» WHAT NEEDS TO BE DONE
Check every line below, and copy those that include "represented".

» AVAILABLE RECORDS

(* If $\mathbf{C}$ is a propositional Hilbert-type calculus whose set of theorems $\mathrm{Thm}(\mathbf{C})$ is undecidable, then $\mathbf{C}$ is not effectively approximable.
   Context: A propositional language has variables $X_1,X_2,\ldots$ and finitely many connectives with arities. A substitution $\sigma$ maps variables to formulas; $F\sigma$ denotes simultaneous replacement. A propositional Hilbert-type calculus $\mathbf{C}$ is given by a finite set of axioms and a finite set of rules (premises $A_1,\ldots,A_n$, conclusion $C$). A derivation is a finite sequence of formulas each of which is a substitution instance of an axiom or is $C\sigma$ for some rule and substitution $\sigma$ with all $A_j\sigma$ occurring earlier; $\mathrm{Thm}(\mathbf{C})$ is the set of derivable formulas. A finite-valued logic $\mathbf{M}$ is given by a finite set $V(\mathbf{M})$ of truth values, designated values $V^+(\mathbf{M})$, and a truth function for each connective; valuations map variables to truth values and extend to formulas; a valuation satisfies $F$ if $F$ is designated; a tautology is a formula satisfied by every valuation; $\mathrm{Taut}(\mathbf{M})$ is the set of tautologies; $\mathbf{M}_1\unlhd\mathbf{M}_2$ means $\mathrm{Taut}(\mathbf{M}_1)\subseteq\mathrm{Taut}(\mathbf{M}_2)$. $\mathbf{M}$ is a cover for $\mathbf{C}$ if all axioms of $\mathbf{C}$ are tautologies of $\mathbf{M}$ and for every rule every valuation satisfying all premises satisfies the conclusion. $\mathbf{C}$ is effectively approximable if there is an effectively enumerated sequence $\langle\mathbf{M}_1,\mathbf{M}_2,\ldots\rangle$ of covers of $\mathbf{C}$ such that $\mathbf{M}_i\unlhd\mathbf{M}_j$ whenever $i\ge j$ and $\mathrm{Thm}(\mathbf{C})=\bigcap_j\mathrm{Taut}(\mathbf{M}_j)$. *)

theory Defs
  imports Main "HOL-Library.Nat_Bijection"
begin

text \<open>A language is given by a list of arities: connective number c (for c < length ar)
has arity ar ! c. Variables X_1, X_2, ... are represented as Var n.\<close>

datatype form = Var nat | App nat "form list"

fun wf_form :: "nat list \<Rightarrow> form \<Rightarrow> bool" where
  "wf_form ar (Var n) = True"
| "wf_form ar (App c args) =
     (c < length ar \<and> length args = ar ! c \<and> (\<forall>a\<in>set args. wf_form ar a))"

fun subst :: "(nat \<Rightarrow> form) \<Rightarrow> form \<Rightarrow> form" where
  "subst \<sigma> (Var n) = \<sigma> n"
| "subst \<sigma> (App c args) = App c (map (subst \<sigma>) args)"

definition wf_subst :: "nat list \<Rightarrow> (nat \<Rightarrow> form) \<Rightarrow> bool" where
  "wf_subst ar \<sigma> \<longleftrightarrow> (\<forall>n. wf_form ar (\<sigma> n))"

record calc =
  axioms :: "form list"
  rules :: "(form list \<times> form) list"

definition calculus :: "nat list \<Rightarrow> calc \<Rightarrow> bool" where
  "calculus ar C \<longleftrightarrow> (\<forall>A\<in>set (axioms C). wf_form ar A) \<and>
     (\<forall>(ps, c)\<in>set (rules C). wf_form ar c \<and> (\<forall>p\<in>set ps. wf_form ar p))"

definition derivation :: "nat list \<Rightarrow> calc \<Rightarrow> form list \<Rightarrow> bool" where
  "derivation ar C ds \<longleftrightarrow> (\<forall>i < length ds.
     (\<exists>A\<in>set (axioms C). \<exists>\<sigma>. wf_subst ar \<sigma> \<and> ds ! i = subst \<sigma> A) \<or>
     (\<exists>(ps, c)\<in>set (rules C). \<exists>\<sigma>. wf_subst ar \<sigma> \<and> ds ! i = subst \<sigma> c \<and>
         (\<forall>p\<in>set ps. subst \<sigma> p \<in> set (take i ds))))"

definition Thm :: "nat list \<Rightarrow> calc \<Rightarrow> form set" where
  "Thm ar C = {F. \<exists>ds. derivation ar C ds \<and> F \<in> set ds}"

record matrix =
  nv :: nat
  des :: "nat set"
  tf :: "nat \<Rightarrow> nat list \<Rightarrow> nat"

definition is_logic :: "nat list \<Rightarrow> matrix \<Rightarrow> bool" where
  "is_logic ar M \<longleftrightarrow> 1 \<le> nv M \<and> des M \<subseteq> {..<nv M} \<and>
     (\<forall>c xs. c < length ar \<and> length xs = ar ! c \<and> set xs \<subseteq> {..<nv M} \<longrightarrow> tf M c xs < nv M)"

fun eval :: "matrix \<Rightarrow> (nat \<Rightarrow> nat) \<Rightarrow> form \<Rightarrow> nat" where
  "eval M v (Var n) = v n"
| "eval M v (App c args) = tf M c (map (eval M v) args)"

--

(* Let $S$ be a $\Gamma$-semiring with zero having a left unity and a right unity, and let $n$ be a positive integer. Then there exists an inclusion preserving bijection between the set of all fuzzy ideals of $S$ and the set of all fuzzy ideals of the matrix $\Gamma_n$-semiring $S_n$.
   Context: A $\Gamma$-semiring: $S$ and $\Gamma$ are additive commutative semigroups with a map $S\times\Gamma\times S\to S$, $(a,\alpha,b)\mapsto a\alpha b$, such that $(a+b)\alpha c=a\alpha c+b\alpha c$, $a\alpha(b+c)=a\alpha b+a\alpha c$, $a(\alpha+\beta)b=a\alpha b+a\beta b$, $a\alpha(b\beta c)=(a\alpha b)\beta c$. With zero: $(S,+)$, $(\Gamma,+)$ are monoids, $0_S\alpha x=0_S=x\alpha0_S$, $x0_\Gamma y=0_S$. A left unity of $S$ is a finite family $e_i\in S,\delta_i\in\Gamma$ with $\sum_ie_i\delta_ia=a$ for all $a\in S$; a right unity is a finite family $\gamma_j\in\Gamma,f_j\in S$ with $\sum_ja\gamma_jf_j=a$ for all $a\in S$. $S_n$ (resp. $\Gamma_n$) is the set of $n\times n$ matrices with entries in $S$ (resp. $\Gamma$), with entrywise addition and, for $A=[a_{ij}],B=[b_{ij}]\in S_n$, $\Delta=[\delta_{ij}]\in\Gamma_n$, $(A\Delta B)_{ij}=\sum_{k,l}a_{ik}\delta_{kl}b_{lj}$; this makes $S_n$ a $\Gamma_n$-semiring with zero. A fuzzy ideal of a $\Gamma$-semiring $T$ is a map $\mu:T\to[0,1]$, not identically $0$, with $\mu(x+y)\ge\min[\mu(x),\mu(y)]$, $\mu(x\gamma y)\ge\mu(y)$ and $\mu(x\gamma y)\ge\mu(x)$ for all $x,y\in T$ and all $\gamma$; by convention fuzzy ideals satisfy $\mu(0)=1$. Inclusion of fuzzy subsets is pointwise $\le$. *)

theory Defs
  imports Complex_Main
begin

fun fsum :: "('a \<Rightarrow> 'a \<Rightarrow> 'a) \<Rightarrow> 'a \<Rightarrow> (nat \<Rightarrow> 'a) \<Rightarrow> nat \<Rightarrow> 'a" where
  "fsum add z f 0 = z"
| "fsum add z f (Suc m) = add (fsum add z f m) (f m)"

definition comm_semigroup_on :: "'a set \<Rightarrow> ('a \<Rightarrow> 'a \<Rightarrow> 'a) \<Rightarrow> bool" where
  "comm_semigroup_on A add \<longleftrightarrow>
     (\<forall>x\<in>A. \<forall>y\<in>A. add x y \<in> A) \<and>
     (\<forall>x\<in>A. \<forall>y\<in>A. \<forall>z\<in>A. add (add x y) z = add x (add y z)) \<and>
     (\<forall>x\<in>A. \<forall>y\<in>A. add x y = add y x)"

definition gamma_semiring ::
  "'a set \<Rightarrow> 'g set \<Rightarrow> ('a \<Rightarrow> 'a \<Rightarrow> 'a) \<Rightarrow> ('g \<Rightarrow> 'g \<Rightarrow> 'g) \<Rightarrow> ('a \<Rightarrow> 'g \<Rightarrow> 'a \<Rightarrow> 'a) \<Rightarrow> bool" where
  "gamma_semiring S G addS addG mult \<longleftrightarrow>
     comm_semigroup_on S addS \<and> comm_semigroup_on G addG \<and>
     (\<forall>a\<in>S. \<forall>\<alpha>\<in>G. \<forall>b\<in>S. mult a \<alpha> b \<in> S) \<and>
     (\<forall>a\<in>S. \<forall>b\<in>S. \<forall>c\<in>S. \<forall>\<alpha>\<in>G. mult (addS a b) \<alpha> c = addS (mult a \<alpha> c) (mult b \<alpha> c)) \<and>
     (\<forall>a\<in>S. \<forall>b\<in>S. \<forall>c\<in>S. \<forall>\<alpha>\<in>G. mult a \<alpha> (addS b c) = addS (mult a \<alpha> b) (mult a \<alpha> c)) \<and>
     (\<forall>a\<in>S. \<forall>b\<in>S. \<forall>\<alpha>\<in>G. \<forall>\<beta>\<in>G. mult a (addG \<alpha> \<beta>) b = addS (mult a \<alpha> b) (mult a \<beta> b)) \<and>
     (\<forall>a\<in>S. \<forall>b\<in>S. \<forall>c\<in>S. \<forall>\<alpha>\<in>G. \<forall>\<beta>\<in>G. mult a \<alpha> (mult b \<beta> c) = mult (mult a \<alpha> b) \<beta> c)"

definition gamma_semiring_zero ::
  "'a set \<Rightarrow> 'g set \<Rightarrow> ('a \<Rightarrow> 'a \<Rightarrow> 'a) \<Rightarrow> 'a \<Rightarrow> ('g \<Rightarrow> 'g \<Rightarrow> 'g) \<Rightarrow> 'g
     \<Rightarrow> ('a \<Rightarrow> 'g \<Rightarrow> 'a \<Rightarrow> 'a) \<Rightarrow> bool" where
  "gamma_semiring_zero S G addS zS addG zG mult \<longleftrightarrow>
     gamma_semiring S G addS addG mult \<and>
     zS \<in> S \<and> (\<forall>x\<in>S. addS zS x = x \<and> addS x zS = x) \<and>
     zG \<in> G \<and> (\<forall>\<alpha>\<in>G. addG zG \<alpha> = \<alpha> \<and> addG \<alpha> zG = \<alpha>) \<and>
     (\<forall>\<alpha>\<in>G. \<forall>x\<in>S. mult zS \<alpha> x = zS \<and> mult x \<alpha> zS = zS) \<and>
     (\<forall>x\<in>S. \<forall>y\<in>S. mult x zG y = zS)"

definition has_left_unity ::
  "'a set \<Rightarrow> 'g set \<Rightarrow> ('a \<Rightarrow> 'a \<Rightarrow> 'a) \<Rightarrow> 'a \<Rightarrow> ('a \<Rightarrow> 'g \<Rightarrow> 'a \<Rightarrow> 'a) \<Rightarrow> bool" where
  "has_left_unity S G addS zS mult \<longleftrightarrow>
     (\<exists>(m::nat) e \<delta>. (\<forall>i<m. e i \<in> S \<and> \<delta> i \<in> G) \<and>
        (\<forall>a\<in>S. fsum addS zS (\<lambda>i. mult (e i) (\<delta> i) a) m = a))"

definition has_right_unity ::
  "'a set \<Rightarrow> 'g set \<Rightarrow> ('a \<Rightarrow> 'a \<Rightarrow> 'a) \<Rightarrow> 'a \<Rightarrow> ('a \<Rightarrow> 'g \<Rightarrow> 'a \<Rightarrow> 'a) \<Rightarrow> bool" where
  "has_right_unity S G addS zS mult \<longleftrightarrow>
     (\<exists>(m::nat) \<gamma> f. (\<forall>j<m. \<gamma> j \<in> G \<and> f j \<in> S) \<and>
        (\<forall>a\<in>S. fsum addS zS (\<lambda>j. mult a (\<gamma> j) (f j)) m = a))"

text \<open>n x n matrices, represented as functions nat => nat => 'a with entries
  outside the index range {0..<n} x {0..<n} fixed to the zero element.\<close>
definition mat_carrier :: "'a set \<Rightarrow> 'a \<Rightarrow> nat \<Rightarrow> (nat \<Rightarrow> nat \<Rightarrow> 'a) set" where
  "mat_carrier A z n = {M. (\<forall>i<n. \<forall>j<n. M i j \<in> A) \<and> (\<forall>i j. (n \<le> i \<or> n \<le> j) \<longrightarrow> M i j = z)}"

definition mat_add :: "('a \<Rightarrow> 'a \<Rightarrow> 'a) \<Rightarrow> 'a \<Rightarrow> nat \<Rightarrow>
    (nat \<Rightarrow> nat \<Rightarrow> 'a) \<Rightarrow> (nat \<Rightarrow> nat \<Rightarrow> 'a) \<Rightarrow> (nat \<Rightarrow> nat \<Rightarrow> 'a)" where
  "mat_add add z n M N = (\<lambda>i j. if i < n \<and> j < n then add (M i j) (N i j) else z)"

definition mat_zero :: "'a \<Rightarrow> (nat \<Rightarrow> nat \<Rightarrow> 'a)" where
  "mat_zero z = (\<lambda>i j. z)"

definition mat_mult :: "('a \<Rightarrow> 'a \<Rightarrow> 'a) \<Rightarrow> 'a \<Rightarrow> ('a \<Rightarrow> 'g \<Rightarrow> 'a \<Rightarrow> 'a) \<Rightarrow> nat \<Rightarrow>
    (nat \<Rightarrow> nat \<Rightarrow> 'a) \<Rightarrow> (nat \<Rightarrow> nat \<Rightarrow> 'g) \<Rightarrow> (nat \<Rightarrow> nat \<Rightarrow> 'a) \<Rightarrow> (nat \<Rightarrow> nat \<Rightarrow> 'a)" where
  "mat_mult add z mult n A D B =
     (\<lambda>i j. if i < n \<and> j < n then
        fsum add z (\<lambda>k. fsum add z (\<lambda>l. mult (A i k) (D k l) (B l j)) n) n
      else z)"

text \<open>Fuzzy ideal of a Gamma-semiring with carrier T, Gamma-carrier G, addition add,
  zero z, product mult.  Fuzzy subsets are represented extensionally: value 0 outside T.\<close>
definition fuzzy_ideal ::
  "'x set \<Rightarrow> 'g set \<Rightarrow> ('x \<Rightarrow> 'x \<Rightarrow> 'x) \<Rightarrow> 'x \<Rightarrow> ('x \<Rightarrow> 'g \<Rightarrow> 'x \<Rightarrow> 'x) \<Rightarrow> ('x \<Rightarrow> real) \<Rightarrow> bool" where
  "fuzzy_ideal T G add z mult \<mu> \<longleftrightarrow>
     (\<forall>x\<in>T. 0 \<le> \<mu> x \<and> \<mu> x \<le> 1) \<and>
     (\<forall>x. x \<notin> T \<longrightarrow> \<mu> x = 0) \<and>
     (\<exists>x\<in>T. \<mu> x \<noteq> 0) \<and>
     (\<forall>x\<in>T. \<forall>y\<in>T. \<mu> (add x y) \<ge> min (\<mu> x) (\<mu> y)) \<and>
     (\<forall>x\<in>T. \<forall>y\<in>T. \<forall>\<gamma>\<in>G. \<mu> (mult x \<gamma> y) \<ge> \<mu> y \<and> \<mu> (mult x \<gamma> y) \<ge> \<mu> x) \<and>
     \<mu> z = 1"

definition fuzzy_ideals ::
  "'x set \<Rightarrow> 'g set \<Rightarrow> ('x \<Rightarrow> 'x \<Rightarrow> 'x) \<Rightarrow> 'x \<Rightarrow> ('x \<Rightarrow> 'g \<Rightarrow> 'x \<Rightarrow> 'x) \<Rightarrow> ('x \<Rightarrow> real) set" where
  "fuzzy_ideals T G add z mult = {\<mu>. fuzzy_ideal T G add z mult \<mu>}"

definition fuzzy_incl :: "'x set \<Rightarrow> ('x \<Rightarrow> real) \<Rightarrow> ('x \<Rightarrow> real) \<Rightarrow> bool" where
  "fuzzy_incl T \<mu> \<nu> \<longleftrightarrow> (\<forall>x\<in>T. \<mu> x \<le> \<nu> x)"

» WRITTEN SOLUTION
has arity ar ! c. Variables X_1, X_2, ... are represented as Var n.\<close>
text \<open>n x n matrices, represented as functions nat => nat => 'a with entries
  zero z, product mult.  Fuzzy subsets are represented extensionally: value 0 outside T.\<close>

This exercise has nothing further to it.